PROMPT =>
Repeat exactly the lines of the entries below from the one with "shows g(z/w) = g((z" through the one with "using le_neq_implies_less by blast", both ends included, and nothing else.

RECORDS SUPPLIED =>
(* If $q=2^k$ with $k>1$ then $f(X):=X^{q+2}+bX^q+cX$ does not permute $\mathbb{F}_{q^2}$ for any $b,c\in\mathbb{F}_{q^2}$ with $b\ne 0$. *)

theory Defs
  imports Main
begin

end

theory Submission
  imports Defs "HOL-Computational_Algebra.Polynomial" "HOL-Computational_Algebra.Primes"
begin

(* The field has characteristic 2, and the substitution x = \<beta> t with \<beta>^2 = b reduces the claim
   to b = 1, i.e. to g(x) = x^(q+2) + x^q + c x.  Expanding g(x + d) - g(x) for x = z/w, d = 1/w
   shows g(z/w) = g((z + 1)/w) as soon as z^q + z^2 = 1 + w^2 + c w^(q+1) for some w \<noteq> 0.

   If k is even, q is a power of 4, a root \<omega> of \<omega>^2 + \<omega> + 1 satisfies \<omega>^q + \<omega>^2 = 1, and
   w = 1/c, z = w + \<omega> is a solution.  If k = 2m + 1 is odd, the additive map z \<mapsto> z^q + z^2
   has kernel inside F_4, so its image is the kernel of the trace T from F_(q^2) to F_4, and we
   need T(1 + w^2 + c w^(q+1)) = 1 + T(w)^2 + T(c w^(q+1)) = 0 for some w.  Otherwise the set
   {w. T(c w^(q+1)) = 1} would equal {w. T(w) \<noteq> 0}; but the first set is a union of fibres of
   the norm w \<mapsto> w^(q+1), all of size q + 1, while the second has 3 * 4^(2m) elements. *)

subsection \<open>Counting fibres\<close>

lemma card_eq_sum_card_fibers:
  assumes "finite A"
  shows "card A = (\<Sum>y\<in>f ` A. card {x\<in>A. f x = y})"
  using sum_fun_comp[of A "f ` A" f "\<lambda>_. 1::nat"] assms by simp

lemma card_fibers_eq_if_tight:
  assumes "finite A" and "card (f ` A) \<le> n" and "\<And>y. card {x\<in>A. f x = y} \<le> m"
    and "card A = n * m" and "x \<in> A"
  shows "card {x'\<in>A. f x' = f x} = m"
proof (rule ccontr)
  assume "card {x'\<in>A. f x' = f x} \<noteq> m"
  with assms(3) have short: "card {x'\<in>A. f x' = f x} < m"
    using le_neq_implies_less by blast
  have "card A = (\<Sum>y\<in>f ` A. card {x\<in>A. f x = y})"
    using assms(1) by (rule card_eq_sum_card_fibers)
  also have "\<dots> < (\<Sum>y\<in>f ` A. m)"
    by (rule sum_strict_mono_ex1) (use assms short in auto)
  also have "\<dots> \<le> n * m"
    using assms(2) by simp
  finally show False
    using assms(4) by simp
qed

lemma dvd_card_if_union_of_fibers:
  assumes "finite A" and "\<And>x. x \<in> A \<Longrightarrow> card {x'\<in>A. f x' = f x} = m" and "S \<subseteq> A"
    and "\<And>x x'. x \<in> S \<Longrightarrow> x' \<in> A \<Longrightarrow> f x' = f x \<Longrightarrow> x' \<in> S"
  shows "m dvd card S"
proof -
  have "card S = (\<Sum>y\<in>f ` S. card {x\<in>S. f x = y})"
    using assms(1,3) by (intro card_eq_sum_card_fibers) (rule finite_subset)
  also have "\<dots> = (\<Sum>y\<in>f ` S. m)"
  proof (rule sum.cong)
    fix y assume "y \<in> f ` S"
    then obtain x where "x \<in> S" "y = f x" by blast
    then have "{x'\<in>S. f x' = y} = {x'\<in>A. f x' = f x}"
      using assms(3,4) by blast
    then show "card {x'\<in>S. f x' = y} = m"
      using assms(2,3) \<open>x \<in> S\<close> by auto
  qed simp
  finally show ?thesis
    by simp
qed

lemma card_eq_card_kernel_mult_card_range:
  fixes f :: "'a::{ab_group_add, finite} \<Rightarrow> 'b::ab_group_add"
  assumes add: "\<And>x y. f (x + y) = f x + f y"
  shows "card (UNIV :: 'a set) = card {x. f x = 0} * card (range f)"
proof -
  have fiber: "{x. f x = f x0} = (+) x0 ` {x. f x = 0}" for x0
  proof (intro equalityI subsetI)
    fix x assume "x \<in> {x. f x = f x0}"
    then have "f (x - x0) = 0"
      using add[of "x - x0" x0] by simp
    then show "x \<in> (+) x0 ` {x. f x = 0}"
      by (intro image_eqI[of _ _ "x - x0"]) auto
  qed (use add in auto)
  have "card (UNIV :: 'a set) = (\<Sum>y\<in>range f. card {x. f x = y})"
    using card_eq_sum_card_fibers[of UNIV f] by simp
  also have "\<dots> = (\<Sum>y\<in>range f. card {x. f x = 0})"
    by (intro sum.cong) (auto simp: fiber card_image)
  finally show ?thesis
    by simp
qed

lemma card_power_eq_poly_le:
  fixes p :: "'a::field poly"
  assumes "degree p < n"
  shows "card {x. x ^ n = poly p x} \<le> n"
proof -
  have "degree (monom 1 n + - p) = n"
    using assms by (subst degree_add_eq_left) (simp_all add: degree_monom_eq)
  then have deg: "degree (monom 1 n - p) = n"
    by simp
  then have "monom 1 n - p \<noteq> 0"
    using assms by (metis degree_0 less_nat_zero_code)
  moreover have "{x. x ^ n = poly p x} = {x. poly (monom 1 n - p) x = 0}"
    by (simp add: poly_monom)
  ultimately show ?thesis
    using card_poly_roots_bound[of "monom 1 n - p"] deg by simp
qed

subsection \<open>Finite fields\<close>

lemma two_le_card_UNIV_field: "2 \<le> card (UNIV :: 'a::{field, finite} set)"
  using card_mono[of UNIV "{0, 1 :: 'a}"] by simp

(* The library's finite_field_power_card_eq_same needs the sort finite_field, which a type
   of sort {field, finite} does not have. *)
lemma power_card_minus_one_eq_one:
  fixes x :: "'a::{field, finite}"
  assumes "x \<noteq> 0"
  shows "x ^ (card (UNIV :: 'a set) - 1) = 1"
proof -
  let ?U = "UNIV - {0::'a}"
  have "bij_betw ((*) x) ?U ?U"
    using assms by (intro bij_betw_byWitness[of _ "\<lambda>y. y / x"]) auto
  then have "(\<Prod>y\<in>?U. x * y) = \<Prod>?U"
    by (rule prod.reindex_bij_betw)
  then have "x ^ card ?U * \<Prod>?U = 1 * \<Prod>?U"
    by (simp add: prod.distrib)
  moreover have "\<Prod>?U \<noteq> 0"
    by simp
  ultimately show ?thesis
    by (simp add: card_Diff_singleton)
qed

lemma power_card_eq_self:
  fixes x :: "'a::{field, finite}"
  shows "x ^ card (UNIV :: 'a set) = x"
proof (cases "x = 0")
  case False
  have "card (UNIV :: 'a set) = Suc (card (UNIV :: 'a set) - 1)"
    by (simp add: finite_UNIV_card_ge_0)
  then show ?thesis
    using power_card_minus_one_eq_one[OF False] by (metis power_Suc mult_1_right)
qed (simp add: zero_power finite_UNIV_card_ge_0)

lemma CHAR_eq_2_if_card_even:
  assumes "even (card (UNIV :: 'a::{field, finite} set))"
  shows "CHAR('a) = 2"
proof -
  have "(-1::'a) = (-1) ^ card (UNIV :: 'a set)"
    by (rule power_card_eq_self[symmetric])
  also have "\<dots> = 1"
    using assms by simp
  finally have "of_nat 2 = (0::'a)"
    by (simp add: eq_neg_iff_add_eq_0)
  then have "CHAR('a) dvd 2"
    by (simp only: of_nat_eq_0_iff_char_dvd)
  then show ?thesis
    by (metis CHAR_not_1' One_nat_def prime_nat_iff two_is_prime_nat)
qed

lemma two_eq_zero_CHAR_2:
  assumes "CHAR('a::semiring_1) = 2"
  shows "(2::'a) = 0"
  using of_nat_CHAR[where 'a = 'a] assms by simp

lemma add_self_CHAR_2:
  assumes "CHAR('a::ring_1) = 2"
  shows "x + x = (0::'a)"
  using uminus_CHAR_2[OF assms, of x] by (metis add.right_inverse)

lemma add_power_CHAR_2:
  assumes "CHAR('a::comm_semiring_1) = 2" and "m = 2 ^ n"
  shows "(x + y :: 'a) ^ m = x ^ m + y ^ m"
  using assms by (intro freshmans_dream') simp_all

lemma surj_power2_CHAR_2:
  assumes "CHAR('a::{field, finite}) = 2"
  shows "surj (\<lambda>x::'a. x ^ 2)"
proof -
  have "inj (\<lambda>x::'a. x ^ 2)"
    using uminus_CHAR_2[OF assms] by (intro injI) (metis power2_eq_iff)
  then show ?thesis
    by (simp add: finite_UNIV_inj_surj)
qed

lemma power_power_eq_self:
  fixes x :: "'a::monoid_mult"
  assumes "x ^ m = x"
  shows "x ^ m ^ n = x"
proof (induction n)
  case (Suc n)
  then show ?case
    using assms by (simp add: power_mult)
qed simp

lemma four_power_mod_3: "(4::nat) ^ n mod 3 = 1"
  using power_mod[of "4::nat" 3 n] by simp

EXERCISE RESULT =>
   shows g(z/w) = g((z + 1)/w) as soon as z^q + z^2 = 1 + w^2 + c w^(q+1) for some w \<noteq> 0.

   If k is even, q is a power of 4, a root \<omega> of \<omega>^2 + \<omega> + 1 satisfies \<omega>^q + \<omega>^2 = 1, and
   w = 1/c, z = w + \<omega> is a solution.  If k = 2m + 1 is odd, the additive map z \<mapsto> z^q + z^2
   has kernel inside F_4, so its image is the kernel of the trace T from F_(q^2) to F_4, and we
   need T(1 + w^2 + c w^(q+1)) = 1 + T(w)^2 + T(c w^(q+1)) = 0 for some w.  Otherwise the set
   {w. T(c w^(q+1)) = 1} would equal {w. T(w) \<noteq> 0}; but the first set is a union of fibres of
   the norm w \<mapsto> w^(q+1), all of size q + 1, while the second has 3 * 4^(2m) elements. *)

subsection \<open>Counting fibres\<close>

lemma card_eq_sum_card_fibers:
  assumes "finite A"
  shows "card A = (\<Sum>y\<in>f ` A. card {x\<in>A. f x = y})"
  using sum_fun_comp[of A "f ` A" f "\<lambda>_. 1::nat"] assms by simp

lemma card_fibers_eq_if_tight:
  assumes "finite A" and "card (f ` A) \<le> n" and "\<And>y. card {x\<in>A. f x = y} \<le> m"
    and "card A = n * m" and "x \<in> A"
  shows "card {x'\<in>A. f x' = f x} = m"
proof (rule ccontr)
  assume "card {x'\<in>A. f x' = f x} \<noteq> m"
  with assms(3) have short: "card {x'\<in>A. f x' = f x} < m"
    using le_neq_implies_less by blast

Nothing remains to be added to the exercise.